Introduction

Today we’ll learn how to build and deploy a FastAPI application with a task queue via Celery. We will also create a chat interface using Solara and OpenAI. Then, we’ll deploy it as a single full-stack application using the Ploomber Cloud command-line interface.

The full source code can be found here.

What are we building?

The application is a chat bot that will answer questions about GitHub repositories. We’ll use LlamaIndex which has features for indexing GitHub repositories and chatting with an LLM. This implementation is adapted from an application by Sophia Yang and Mark Scov Madsen..

Architecture

Here’s a diagram to help understand the overall structure of the application:

FastAPI

We first get our basic API running.

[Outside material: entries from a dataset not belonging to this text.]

lemma expansion_tail_in_cylinder:
  assumes m: "m \<ge> 2" and digits: "\<forall>k\<ge>1. d k < m" and "j < m ^ L"
    and occ: "occurs_at d (base_digits m L j) (Suc n)"
  shows "real j / real m ^ L \<le> expansion_tail m d n"
    and "expansion_tail m d n \<le> (real j + 1) / real m ^ L"
proof -
  have "(\<Sum>k<L. real (d (n + Suc k)) / real m ^ Suc k)
      = (\<Sum>k<L. real (base_digits m L j ! k) / real m ^ Suc k)"
    using occ unfolding occurs_at_def by (intro sum.cong) auto
  moreover have "expansion_tail m d n = (\<Sum>k<L. real (d (n + Suc k)) / real m ^ Suc k)
      + digit_sum m (\<lambda>k. d (n + Suc (k + L))) / real m ^ L"
    unfolding expansion_tail_def by (rule digit_sum_split[OF m]) (use digits in auto)
  moreover have "m > 0"
    using m by simp
  ultimately have tail: "expansion_tail m d n
      = real j / real m ^ L + digit_sum m (\<lambda>k. d (n + Suc (k + L))) / real m ^ L"
    using sum_base_digits[OF _ \<open>j < m ^ L\<close>] by simp
  have "0 \<le> digit_sum m (\<lambda>k. d (n + Suc (k + L)))" "digit_sum m (\<lambda>k. d (n + Suc (k + L))) \<le> 1"
    using digit_sum_bounds(2,3)[OF m] digits by auto
  then show "real j / real m ^ L \<le> expansion_tail m d n"
    and "expansion_tail m d n \<le> (real j + 1) / real m ^ L"
    unfolding tail using m by (simp_all add: add_divide_distrib divide_right_mono)
qed

lemma normal_expansion_occurs:
  assumes "normal_expansion m d" "m > 0" "a \<noteq> []" "set a \<subseteq> {..<m}"
  obtains k where "k \<ge> 1" "occurs_at d a k"
proof -
  have freq: "(\<lambda>N. real (card {k \<in> {1..N}. occurs_at d a k}) / real N) \<longlonglongrightarrow> 1 / real m ^ length a"
    using assms unfolding normal_expansion_def by blast
  have "0 < 1 / real m ^ length a"
    using assms(2) by simp
  from order_tendstoD(1)[OF freq this]
  obtain N where "0 < real (card {k \<in> {1..N}. occurs_at d a k}) / real N"
    unfolding eventually_sequentially by auto
  then have "{k \<in> {1..N}. occurs_at d a k} \<noteq> {}"
    by (metis card.empty div_0 less_irrefl of_nat_0)
  then show ?thesis
    using that by auto
qed

lemma normal_expansion_tails_dense:
  assumes m: "m \<ge> 2" and "m_adic_expansion m d t" "normal_expansion m d"
  shows "{0<..<1} \<subseteq> closure (range (expansion_tail m d))"
proof (clarsimp simp: closure_approachable dist_real_def)
  fix y \<epsilon> :: real
  assume y: "0 < y" "y < 1" and "0 < \<epsilon>"
  have "1 / real m < 1"
    using m by simp
  then obtain K where "(1 / real m) ^ K < \<epsilon>"
    using real_arch_pow_inv[OF \<open>0 < \<epsilon>\<close>] by blast
  moreover have "(1 / real m) ^ Suc K \<le> (1 / real m) ^ K"
    using m by (intro power_decreasing) auto
  ultimately have small: "1 / real m ^ Suc K < \<epsilon>"
    by (simp add: power_one_over)
  define L where "L = Suc K"
  define j where "j = nat \<lfloor>y * real m ^ L\<rfloor>"
  have mL: "real m ^ L > 0"
    using m by simp
  have yj: "real j \<le> y * real m ^ L" "y * real m ^ L < real j + 1"
    unfolding j_def using y mL by auto
  moreover have "y * real m ^ L < real m ^ L"
    using y mL by simp
  ultimately have "real j < real m ^ L"
    by linarith
  then have "j < m ^ L"
    by (metis of_nat_less_iff of_nat_power)
  have "base_digits m L j \<noteq> []"
    unfolding L_def by simp
  moreover have "m > 0"
    using m by simp
  ultimately obtain k where "k \<ge> 1" "occurs_at d (base_digits m L j) k"
    using normal_expansion_occurs[OF assms(3) _ _ set_base_digits[OF \<open>j < m ^ L\<close>]] by blast
  then have occ: "occurs_at d (base_digits m L j) (Suc (k - 1))"
    by simp
  have digits: "\<forall>k\<ge>1. d k < m"
    using assms(2) unfolding m_adic_expansion_def by blast
  note cyl = expansion_tail_in_cylinder[OF m digits \<open>j < m ^ L\<close> occ]
  have "real j / real m ^ L \<le> y" "y < (real j + 1) / real m ^ L"
    using yj mL by (simp_all add: field_simps)
  then have "\<bar>expansion_tail m d (k - 1) - y\<bar> \<le> 1 / real m ^ L"
    using cyl by (simp add: abs_le_iff add_divide_distrib)
  then have "\<bar>expansion_tail m d (k - 1) - y\<bar> < \<epsilon>"
    using small unfolding L_def by linarith
  then show "\<exists>n. \<bar>expansion_tail m d n - y\<bar> < \<epsilon>"
    by blast
qed

lemma times_mod1_orbit_rational_affine:
  assumes m: "m \<ge> 2" and ex: "m_adic_expansion m d t" and "q \<in> \<rat>" "r \<in> \<rat>"
    and "x \<in> {0..<1}" and x: "x = q + r * t"
  obtains D :: nat and label :: "nat \<Rightarrow> nat"
  where "D > 0" "\<And>n. label n < D"
    "\<And>n. (times_mod1 m ^^ n) x = frac (real (label n) / real D + r * expansion_tail m d n)"
proof -
  have "\<forall>n. \<exists>N::nat. real m ^ n * t = real N + expansion_tail m d n"
    using m_adic_expansion_shift[OF m ex] by metis
  then obtain N :: "nat \<Rightarrow> nat" where N: "\<And>n. real m ^ n * t = real (N n) + expansion_tail m d n"
    by metis
  obtain D :: nat where "D > 0" and Dq: "real D * q \<in> \<int>" and Dr: "real D * r \<in> \<int>"
    using Rats_common_denominator[OF \<open>q \<in> \<rat>\<close> \<open>r \<in> \<rat>\<close>] by blast
  define c where "c n = real D * (real m ^ n * q + r * real (N n))" for n
  have c_Ints: "c n \<in> \<int>" for n
  proof -
    have "c n = (real m ^ n) * (real D * q) + (real D * r) * real (N n)"
      unfolding c_def by (simp add: algebra_simps)
    then show ?thesis
      using Dq Dr by simp
  qed
  have "\<forall>n. \<exists>k<D. frac (c n / real D) = real k / real D"
    using frac_Ints_divide[OF c_Ints \<open>D > 0\<close>] by blast
  then obtain label :: "nat \<Rightarrow> nat"
    where label: "\<And>n. label n < D" "\<And>n. frac (c n / real D) = real (label n) / real D"
    by metis
  have "(times_mod1 m ^^ n) x = frac (real (label n) / real D + r * expansion_tail m d n)" for n
  proof -
    have "real m ^ n * x = real m ^ n * q + r * (real m ^ n * t)"
      unfolding x by (simp add: algebra_simps)
    also have "\<dots> = (real m ^ n * q + r * real (N n)) + r * expansion_tail m d n"
      unfolding N by (simp add: algebra_simps)
    also have "real m ^ n * q + r * real (N n) = c n / real D"
      unfolding c_def using \<open>D > 0\<close> by simp
    finally have "real m ^ n * x = c n / real D + r * expansion_tail m d n" .
    then show ?thesis
      using funpow_times_mod1[OF \<open>x \<in> {0..<1}\<close>] by (simp flip: label(2))
  qed
  with \<open>D > 0\<close> label(1) show ?thesis
    by (rule that)
qed

lemma invariant_set_not_nowhere_dense:
  assumes m: "m \<ge> 2" and inv: "times_mod1 m ` A \<subseteq> A" and "A \<subseteq> {0..<1}"
    and "normal_in_base m t" and "x \<in> A" and "q \<in> \<rat>" "r \<in> \<rat>" "r \<noteq> 0"
    and "x = q + r * t"
  shows "\<not> nowhere_dense A"
proof -
  obtain d where ex: "m_adic_expansion m d t" and "normal_expansion m d"
    using assms(4) unfolding normal_in_base_def by blast
  define s where "s = expansion_tail m d"
  have "x \<in> {0..<1}"
    using \<open>x \<in> A\<close> \<open>A \<subseteq> {0..<1}\<close> by blast
  then obtain D :: nat and label :: "nat \<Rightarrow> nat" where "D > 0" "\<And>n. label n < D"
    and orbit: "\<And>n. (times_mod1 m ^^ n) x = frac (real (label n) / real D + r * s n)"
    unfolding s_def
    by (rule times_mod1_orbit_rational_affine[OF m ex \<open>q \<in> \<rat>\<close> \<open>r \<in> \<rat>\<close> _
          \<open>x = q + r * t\<close>]) auto
  have "{0<..<1} \<subseteq> closure (range s)"
    unfolding s_def by (rule normal_expansion_tails_dense[OF m ex \<open>normal_expansion m d\<close>])
  then have "interior {0<..<1} \<subseteq> interior (closure (range s))"
    by (rule interior_mono)
  then have "interior (closure (s ` UNIV)) \<noteq> {}"
    by auto
  moreover have "finite (range label)"
    by (rule finite_subset[of _ "{..<D}"]) (use \<open>\<And>n. label n < D\<close> in auto)
  ultimately obtain k where "interior (closure (s ` {n. label n = k})) \<noteq> {}"
    using interior_closure_image_finite_label[of label UNIV s] by auto
  then have "interior (closure A) \<noteq> {}"
  proof (rule interior_closure_frac_affine_image[OF _ \<open>r \<noteq> 0\<close>])
    fix z assume "z \<in> s ` {n. label n = k}"
    then obtain n where "label n = k" "z = s n"
      by blast
    then show "frac (real k / real D + r * z) \<in> A"
      using orbit[of n] funpow_invariant[OF inv \<open>x \<in> A\<close>, of n] by simp
  qed
  then show ?thesis
    unfolding nowhere_dense_def by blast
qed

theorem theorem4:
  fixes m :: nat and A :: "real set"
  assumes "m \<ge> 2"
    and "A \<subseteq> {0..<1}"
    and "nowhere_dense A"
    and "times_mod1 m ` A \<subseteq> A"
  shows "\<forall>t i. t \<in> {0<..<1} \<and> normal_in_base m t \<and> i \<noteq> (0::int) \<longrightarrow>
           (\<forall>x\<in>A. x + real_of_int i * t \<notin> \<rat>) \<and>
           (\<forall>x\<in>A - {0}. x / (real_of_int i * t) \<notin> \<rat>)"
proof (intro allI impI conjI ballI notI)
  fix t x and i :: int
  assume H: "t \<in> {0<..<1} \<and> normal_in_base m t \<and> i \<noteq> 0"
  note not_nowhere_dense = invariant_set_not_nowhere_dense[OF assms(1,4,2)]
  {
    assume "x \<in> A" "x + real_of_int i * t \<in> \<rat>"
    then have "\<not> nowhere_dense A"
      using H by (intro not_nowhere_dense[of t x "x + real_of_int i * t" "- real_of_int i"]) auto
    with assms(3) show False
      by contradiction
  next
    assume x: "x \<in> A - {0}" and "x / (real_of_int i * t) \<in> \<rat>"
    define \<rho> where "\<rho> = x / (real_of_int i * t) * real_of_int i"
    have "\<rho> \<in> \<rat>"
      unfolding \<rho>_def using \<open>x / (real_of_int i * t) \<in> \<rat>\<close> by (intro Rats_mult) auto
    moreover have "\<rho> \<noteq> 0" "x = 0 + \<rho> * t"
      unfolding \<rho>_def using H x by auto
    ultimately have "\<not> nowhere_dense A"
      using H x by (intro not_nowhere_dense[of t x 0 \<rho>]) auto
    with assms(3) show False
      by contradiction
  }
qed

It will have 3 main endpoints:

  • /scrape which will load a repository from Github
  • /status which will return the loading status of a repository, and
  • /ask which will answer a user’s question about a repository.

For more detailed information on setting up an API, see the FastAPI docs.

The API should be defined as app.py and will look something like this:

app = FastAPI()

class Repo(BaseModel):
    owner: str
    name: str
    branch: str

class Question(BaseModel):
    repo_id: str
    question: str

@app.post('/scrape')
def scrape(repo: Repo) -> dict[str, Any]: # maybe change repo from str
    # Enter into DB
    id = f"{repo.owner}-{repo.name}-{repo.branch}"
    status = None
    path = None
    return {'id': id, 'status': status, 'path': path}


@app.get('/status/{repo_id}')
def status(repo_id) -> dict[str, Any]:
    status = None
    return {'id': repo_id, 'status': stat}


@app.post('/ask')
def ask(question: Question) -> dict[str, Any]: # maybe change repo from str
    answer = answer_question(question.repo_id, question.question)
    return {'question': question, 'answer': answer}

We’ll run the API with this command:

uvicorn app:app --reload

Task Queue with Celery

Now that our API is working, we’ll implement a task queue which will help us process Github repositories in the background. For more in depth information on using FastAPI + Celery, see this excellent tutorial.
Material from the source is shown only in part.